Despite Optics of Zhang’s Visit, Taiwan Remains Wary of China’s Intentions

Despite Optics of Zhang’s Visit, Taiwan Remains Wary of China’s Intentions
China's Taiwan Affairs Council Minister Zhang Zhijun and Taiwan's Mainland Affairs Council Minister Wang Yu-chi, Taoyuan County, Taiwan, June 25, 2014 (Kyodo via AP Images).

Zhang Zhijun, director of China’s Taiwan Affairs Office, recently concluded a four-day visit to Taiwan. He is the highest-ranking official from the People’s Republic of China ever to have visited Taiwan, making the trip something of a milestone in relations across the Taiwan Strait.

First up on Zhang’s itinerary was a meeting with his Taiwanese counterpart, Wang Yu-chi, the director of Taiwan’s Mainland Affairs Council. The two had held the first such government-to-government talks in February in Nanjing, where they agreed in principle to establish mechanisms for official communication, including representative offices.

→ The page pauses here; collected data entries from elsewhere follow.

(* Consider an instance of MinMD$+$OCTC$_{line}$ in which every base station satisfies $y(b_k)\ge 0$ and the base stations $b_1,\dots,b_m$ are indexed in nondecreasing order of $x$-coordinate. Then there exists an optimal solution with the following properties: (i) for each opened base station $b_k$, the destinations of the sensors emitted by $b_k$ are consecutive on $L$, i.e., if $s,s'$ are emitted by $b_k$ then every sensor whose destination lies between the destinations of $s$ and $s'$ on $L$ is also emitted by $b_k$; (ii) if $k<k'$ and both $b_k,b_{k'}$ emit sensors, then every sensor emitted by $b_k$ lies to the left of every sensor emitted by $b_{k'}$ on $L$.
   Context: MinMD$+$OCTC$_{line}$: targets $\mathcal{T}=\{t_1,\dots,t_n\}$ lie on a line $L$, taken as the $x$-axis, so $t_i=(x(t_i),0)$. Base stations $\mathcal{B}=\{b_1,\dots,b_m\}$ are points of the plane, indexed in nondecreasing order of $x$-coordinate, and $b_k$ has an opening cost $c_k\ge 0$. A fixed radius $r\ge 0$ is given. A solution consists of a set of opened base stations and a finite multiset of mobile sensors; each sensor $s$ is emitted by some opened base station $b_k$ and is placed at a destination point on $L$; its moving distance $d_k(s)$ is the Euclidean distance from $b_k$ to the destination of $s$. A sensor covers a target if the target is at Euclidean distance at most $r$ from the sensor's destination. An opened base station may emit arbitrarily many sensors. A solution is feasible if every target is covered by some sensor; its cost is the sum of the opening costs of opened base stations plus the sum of the moving distances of all sensors. The goal is to find a feasible solution of minimum cost. *)

theory Defs
  imports "HOL-Analysis.Analysis" "HOL-Library.Multiset"
begin

text \<open>The line L is the x-axis of the plane real \<times> real.
  Base stations are indexed 0,...,m-1; station k is at point b k with opening cost c k.
  Targets are given by their x-coordinates (a finite set T of reals), target t is at (t,0).
  A sensor is a pair (k, p): it is emitted by station k and its destination is (p,0) on L.
  A solution is a pair (Opn, S) of a set Opn of opened stations and a finite multiset S of sensors.\<close>

definition move_dist :: "(nat \<Rightarrow> real \<times> real) \<Rightarrow> nat \<times> real \<Rightarrow> real" where
  "move_dist b s = dist (b (fst s)) (snd s, 0)"

definition covers :: "real \<Rightarrow> nat \<times> real \<Rightarrow> real \<Rightarrow> bool" where
  "covers r s t \<longleftrightarrow> dist (snd s, 0::real) (t, 0) \<le> r"

definition feasible :: "nat \<Rightarrow> real set \<Rightarrow> real \<Rightarrow> nat set \<Rightarrow> (nat \<times> real) multiset \<Rightarrow> bool" where
  "feasible m T r Opn S \<longleftrightarrow>
     Opn \<subseteq> {..<m} \<and> (\<forall>s\<in>#S. fst s \<in> Opn) \<and> (\<forall>t\<in>T. \<exists>s\<in>#S. covers r s t)"

definition cost :: "(nat \<Rightarrow> real) \<Rightarrow> (nat \<Rightarrow> real \<times> real) \<Rightarrow> nat set \<Rightarrow> (nat \<times> real) multiset \<Rightarrow> real" where
  "cost c b Opn S = (\<Sum>k\<in>Opn. c k) + sum_mset (image_mset (move_dist b) S)"

definition optimal :: "nat \<Rightarrow> real set \<Rightarrow> real \<Rightarrow> (nat \<Rightarrow> real) \<Rightarrow> (nat \<Rightarrow> real \<times> real)
    \<Rightarrow> nat set \<Rightarrow> (nat \<times> real) multiset \<Rightarrow> bool" where
  "optimal m T r c b Opn S \<longleftrightarrow> feasible m T r Opn S \<and>
     (\<forall>Opn' S'. feasible m T r Opn' S' \<longrightarrow> cost c b Opn S \<le> cost c b Opn' S')"

end

theory Submission
  imports Defs
begin

text \<open>First, a sensor can always be moved, without increasing its moving
  distance, to the point of the window of positions covering the same targets that is closest
  to the x-coordinate of its station; these finitely many candidate points make the optimisation
  a minimum over a finite family, and optimal solutions exist in which the sensors occupy
  distinct points and each is emitted by the nearest opened station. Second, since
  |b - (p,0)|^2 - |b' - (p,0)|^2 is affine in p with slope 2 (x(b') - x(b)), the nearest
  opened station (ties broken towards the smaller index) is a nondecreasing function of p,
  which yields both the consecutiveness and the left-to-right order of the emitted sensors.\<close>

lemma dist_to_line: "dist (a::real \<times> real) (p, 0) = sqrt ((fst a - p)\<^sup>2 + (snd a)\<^sup>2)"
  by (cases a) (simp add: dist_Pair_Pair dist_real_def)

lemma covers_iff: "covers r s t \<longleftrightarrow> \<bar>snd s - t\<bar> \<le> r"
  by (simp add: covers_def dist_Pair_Pair dist_real_def)

lemma dist_to_line_mono:
  fixes a :: "real \<times> real"
  assumes "\<bar>fst a - q\<bar> \<le> \<bar>fst a - p\<bar>"
  shows "dist a (q, 0) \<le> dist a (p, 0)"
proof -
  have "(fst a - q)\<^sup>2 \<le> (fst a - p)\<^sup>2"
    using assms by (simp add: abs_le_square_iff)
  then show ?thesis unfolding dist_to_line by simp
qed

lemma dist_to_line_less_right:
  fixes a a' :: "real \<times> real"
  assumes "fst a \<le> fst a'" "p \<le> p'" "dist a' (p, 0) < dist a (p, 0)"
  shows "dist a' (p', 0) < dist a (p', 0)"
proof -
  have "(fst a' - p)\<^sup>2 + (snd a')\<^sup>2 < (fst a - p)\<^sup>2 + (snd a)\<^sup>2"
    using assms(3) unfolding dist_to_line by (simp add: real_sqrt_less_iff)
  moreover have "(p' - p) * (fst a - fst a') \<le> 0"
    using assms(1,2) by (simp add: mult_nonneg_nonpos)
  ultimately have "(fst a' - p')\<^sup>2 + (snd a')\<^sup>2 < (fst a - p')\<^sup>2 + (snd a)\<^sup>2"
    by (simp add: power2_eq_square algebra_simps)
  then show ?thesis unfolding dist_to_line by (simp add: real_sqrt_less_iff)
qed

definition nearest_station :: "(nat \<Rightarrow> real \<times> real) \<Rightarrow> nat set \<Rightarrow> real \<Rightarrow> nat" where
  "nearest_station b K p = (LEAST k. k \<in> K \<and> (\<forall>j\<in>K. dist (b k) (p, 0) \<le> dist (b j) (p, 0)))"

lemma nearest_station:
  assumes "finite K" "K \<noteq> {}"
  shows nearest_station_in: "nearest_station b K p \<in> K"
    and nearest_station_le: "j \<in> K \<Longrightarrow> dist (b (nearest_station b K p)) (p, 0) \<le> dist (b j) (p, 0)"
    and nearest_station_less:
      "j \<in> K \<Longrightarrow> j < nearest_station b K p \<Longrightarrow>
         dist (b (nearest_station b K p)) (p, 0) < dist (b j) (p, 0)"
proof -
  let ?nearest = "\<lambda>k. k \<in> K \<and> (\<forall>j\<in>K. dist (b k) (p, 0) \<le> dist (b j) (p, 0))"
  have "Min ((\<lambda>j. dist (b j) (p, 0)) ` K) \<in> (\<lambda>j. dist (b j) (p, 0)) ` K"
    using assms by simp
  then obtain k where "k \<in> K" "dist (b k) (p, 0) = Min ((\<lambda>j. dist (b j) (p, 0)) ` K)"
    by auto
  then have "?nearest k" using assms by auto
  then have least: "?nearest (nearest_station b K p)"
    unfolding nearest_station_def by (rule LeastI)
  then show "nearest_station b K p \<in> K"
    and "j \<in> K \<Longrightarrow> dist (b (nearest_station b K p)) (p, 0) \<le> dist (b j) (p, 0)"
    by auto
  assume "j \<in> K" "j < nearest_station b K p"
  then have "\<not> ?nearest j"
    unfolding nearest_station_def using not_less_Least by blast
  with \<open>j \<in> K\<close> least show "dist (b (nearest_station b K p)) (p, 0) < dist (b j) (p, 0)"
    by (meson linorder_not_le order_trans)
qed

lemma nearest_station_mono:
  assumes "finite K" and mono: "mono_on K (\<lambda>k. fst (b k))" and "p \<le> p'"
  shows "nearest_station b K p \<le> nearest_station b K p'"
proof (cases "K = {}")
  case True
  then show ?thesis by (simp add: nearest_station_def)
next
  case False
  show ?thesis
  proof (rule ccontr)
    define k where "k = nearest_station b K p'"
    define j where "j = nearest_station b K p"
    assume "\<not> j \<le> k"
    then have "k < j" by simp
    have "k \<in> K" "j \<in> K"
      unfolding k_def j_def using nearest_station_in[OF \<open>finite K\<close> False] by auto
    then have "fst (b k) \<le> fst (b j)"
      using mono \<open>k < j\<close> by (simp add: mono_on_def)
    moreover have "dist (b j) (p, 0) < dist (b k) (p, 0)"
      using nearest_station_less[OF \<open>finite K\<close> False \<open>k \<in> K\<close>] \<open>k < j\<close> j_def
      by simp
    ultimately have "dist (b j) (p', 0) < dist (b k) (p', 0)"
      using dist_to_line_less_right \<open>p \<le> p'\<close> by blast
    moreover have "dist (b k) (p', 0) \<le> dist (b j) (p', 0)"
      unfolding k_def using nearest_station_le[OF \<open>finite K\<close> False \<open>j \<in> K\<close>] .
    ultimately show False by simp
  qed
qed

definition assign_nearest :: "(nat \<Rightarrow> real \<times> real) \<Rightarrow> nat set \<Rightarrow> real set \<Rightarrow> (nat \<times> real) multiset" where
  "assign_nearest b K P = mset_set ((\<lambda>p. (nearest_station b K p, p)) ` P)"

lemma mem_assign_nearest:
  assumes "finite P"
  shows "s \<in># assign_nearest b K P \<longleftrightarrow> (\<exists>p\<in>P. s = (nearest_station b K p, p))"
  using assms unfolding assign_nearest_def by auto

lemma assign_nearest_consecutive:
  assumes "finite K" "mono_on K (\<lambda>k. fst (b k))" "finite P"
  shows "\<forall>s\<in>#assign_nearest b K P. \<forall>s'\<in>#assign_nearest b K P. \<forall>s''\<in>#assign_nearest b K P.
    fst s = fst s' \<and> snd s \<le> snd s'' \<and> snd s'' \<le> snd s' \<longrightarrow> fst s'' = fst s"
proof (intro ballI impI, elim conjE)
  fix s s' s'' assume "s \<in># assign_nearest b K P" "s' \<in># assign_nearest b K P"
    "s'' \<in># assign_nearest b K P" and order: "fst s = fst s'" "snd s \<le> snd s''" "snd s'' \<le> snd s'"
  then obtain p p' p'' where "s = (nearest_station b K p, p)" "s' = (nearest_station b K p', p')"
    and "s'' = (nearest_station b K p'', p'')"
    unfolding mem_assign_nearest[OF \<open>finite P\<close>] by blast
  then show "fst s'' = fst s"
    using nearest_station_mono[OF assms(1,2), of p p''] nearest_station_mono[OF assms(1,2), of p'' p']
      order by auto
qed

lemma assign_nearest_ordered:
  assumes "finite K" "mono_on K (\<lambda>k. fst (b k))" "finite P"
  shows "\<forall>s\<in>#assign_nearest b K P. \<forall>s'\<in>#assign_nearest b K P. fst s < fst s' \<longrightarrow> snd s < snd s'"
proof (intro ballI impI)
  fix s s' assume "s \<in># assign_nearest b K P" "s' \<in># assign_nearest b K P" "fst s < fst s'"
  moreover from this obtain p p' where "s = (nearest_station b K p, p)" "s' = (nearest_station b K p', p')"
    unfolding mem_assign_nearest[OF \<open>finite P\<close>] by blast
  ultimately show "snd s < snd s'"
    using nearest_station_mono[OF assms(1,2), of p' p] by force
qed

lemma sum_set_mset_le_sum_mset:
  fixes h :: "'a \<Rightarrow> real"
  assumes "\<And>x. x \<in># M \<Longrightarrow> 0 \<le> h x"
  shows "(\<Sum>x\<in>set_mset M. h x) \<le> (\<Sum>x\<in>#M. h x)"
  using assms
proof (induction M)
  case (add x M)
  then have "0 \<le> h x" "(\<Sum>x\<in>set_mset M. h x) \<le> (\<Sum>x\<in>#M. h x)"
    by auto
  then show ?case
    by (cases "x \<in># M") (auto simp: insert_absorb)
qed simp

text \<open>Among the points covering all of a nonempty finite set G of targets, i.e. the interval
  [Max G - r, Min G + r], the one closest to x.\<close>

definition snap :: "real \<Rightarrow> real set \<Rightarrow> real \<Rightarrow> real" where
  "snap r G x = max (Max G - r) (min (Min G + r) x)"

This time they moved one step closer to setting up representative offices, agreeing that staff could make humanitarian visits to detainees. They also agreed to look at greater participation for Taiwan in regional trade pacts.

But the most important purpose of Zhang’s mission was to show the Taiwanese public that Beijing has a softer, friendlier side. Zhang made a point of visiting nursing homes, nursery schools and other places where he could get to know “ordinary Taiwanese” during his stay. He also met with several mayors, including one—Chen Chu, the mayor of Kaohsiung—who belongs to the pro-independence Democratic Progressive Party.